(Collected data)
-.-.-

lemma norm_diff_le_bloch_seminorm_ln:
  fixes f :: "complex \<Rightarrow> complex"
  assumes hol: "f holomorphic_on unit_disc"
    and bnd: "\<And>u. u \<in> unit_disc \<Longrightarrow> (1 - (cmod u)\<^sup>2) * cmod (deriv f u) \<le> S"
    and z: "z \<in> unit_disc"
  shows "cmod (f z - f 0) \<le> S * - ln (1 - cmod z)"
proof -
  have z1: "cmod z < 1" using z by simp
  have on_segment: "of_real t * z \<in> unit_disc" "0 < 1 - t * cmod z"
    if "0 \<le> t" "t \<le> 1" for t
  proof -
    have "cmod (of_real t * z) = t * cmod z" using that by (simp add: norm_mult)
    moreover have "t * cmod z \<le> cmod z" using that by (simp add: mult_left_le_one_le)
    ultimately show "of_real t * z \<in> unit_disc" "0 < 1 - t * cmod z"
      using z1 by simp_all
  qed
  define g where "g = (\<lambda>t::real. f (of_real t * z))"
  define h where "h = (\<lambda>t. - S * ln (1 - t * cmod z))"
  have "continuous_on {0..1} g"
    unfolding g_def
    by (rule continuous_on_compose2[OF holomorphic_on_imp_continuous_on[OF hol]])
      (use on_segment(1) in \<open>auto intro!: continuous_intros\<close>)
  moreover have "\<forall>t\<in>{0..1}. 0 < 1 - t * cmod z"
    using on_segment(2) by simp
  then have "continuous_on {0..1} h"
    unfolding h_def by (auto intro!: continuous_intros)
  moreover have "(g has_vector_derivative (z * deriv f (of_real t * z))) (at t)"
    if "0 < t" "t < 1" for t
  proof -
    have "(f has_field_derivative deriv f (of_real t * z)) (at (of_real t * z))"
      using on_segment(1)[of t] that hol by (auto intro!: holomorphic_derivI[where S=unit_disc])
    moreover have "((\<lambda>t::real. of_real t * z) has_vector_derivative z) (at t)"
      by (auto intro!: derivative_eq_intros)
    ultimately show ?thesis
      unfolding g_def using field_vector_diff_chain_at[of "\<lambda>t::real. of_real t * z" z t f]
      by (simp add: o_def)
  qed
  moreover have "(h has_vector_derivative (S * cmod z / (1 - t * cmod z))) (at t)"
    if "0 < t" "t < 1" for t
    unfolding h_def has_real_derivative_iff_has_vector_derivative[symmetric]
    using on_segment(2)[of t] that by (auto intro!: derivative_eq_intros simp: field_simps)
  moreover have "cmod (z * deriv f (of_real t * z)) \<le> S * cmod z / (1 - t * cmod z)"
    if "0 < t" "t < 1" for t
  proof -
    have "cmod (deriv f (of_real t * z)) \<le> S / (1 - t * cmod z)"
      using norm_deriv_le_bloch_bound[OF on_segment(1) bnd[OF on_segment(1)]] that
      by (simp add: norm_mult)
    then have "cmod z * cmod (deriv f (of_real t * z)) \<le> cmod z * (S / (1 - t * cmod z))"
      by (rule mult_left_mono) simp
    then show ?thesis by (simp add: norm_mult mult.commute)
  qed
  ultimately have "norm (g 1 - g 0) \<le> h 1 - h 0"
    by (intro differentiable_bound_general[OF zero_less_one]) auto
  then show ?thesis unfolding g_def h_def by simp
qed

lemma bloch_norm_nonneg:
  assumes "f \<in> bloch_space"
  shows "0 \<le> bloch_norm f"
proof -
  have "bdd_above ((\<lambda>z. (1 - (cmod z)\<^sup>2) * cmod (deriv f z)) ` unit_disc)"
    using assms unfolding bloch_space_def by auto
  then have "0 \<le> (SUP z\<in>unit_disc. (1 - (cmod z)\<^sup>2) * cmod (deriv f z))"
    by (rule cSUP_upper2[where x=0]) auto
  then show ?thesis unfolding bloch_norm_def by simp
qed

-.-.-

* [Task objective]:
If a line in the records contains the string "where", copy it out.

* [Answer to this problem]:
  define g where "g = (\<lambda>t::real. f (of_real t * z))"
  define h where "h = (\<lambda>t. - S * ln (1 - t * cmod z))"
      using on_segment(1)[of t] that hol by (auto intro!: holomorphic_derivI[where S=unit_disc])
    by (rule cSUP_upper2[where x=0]) auto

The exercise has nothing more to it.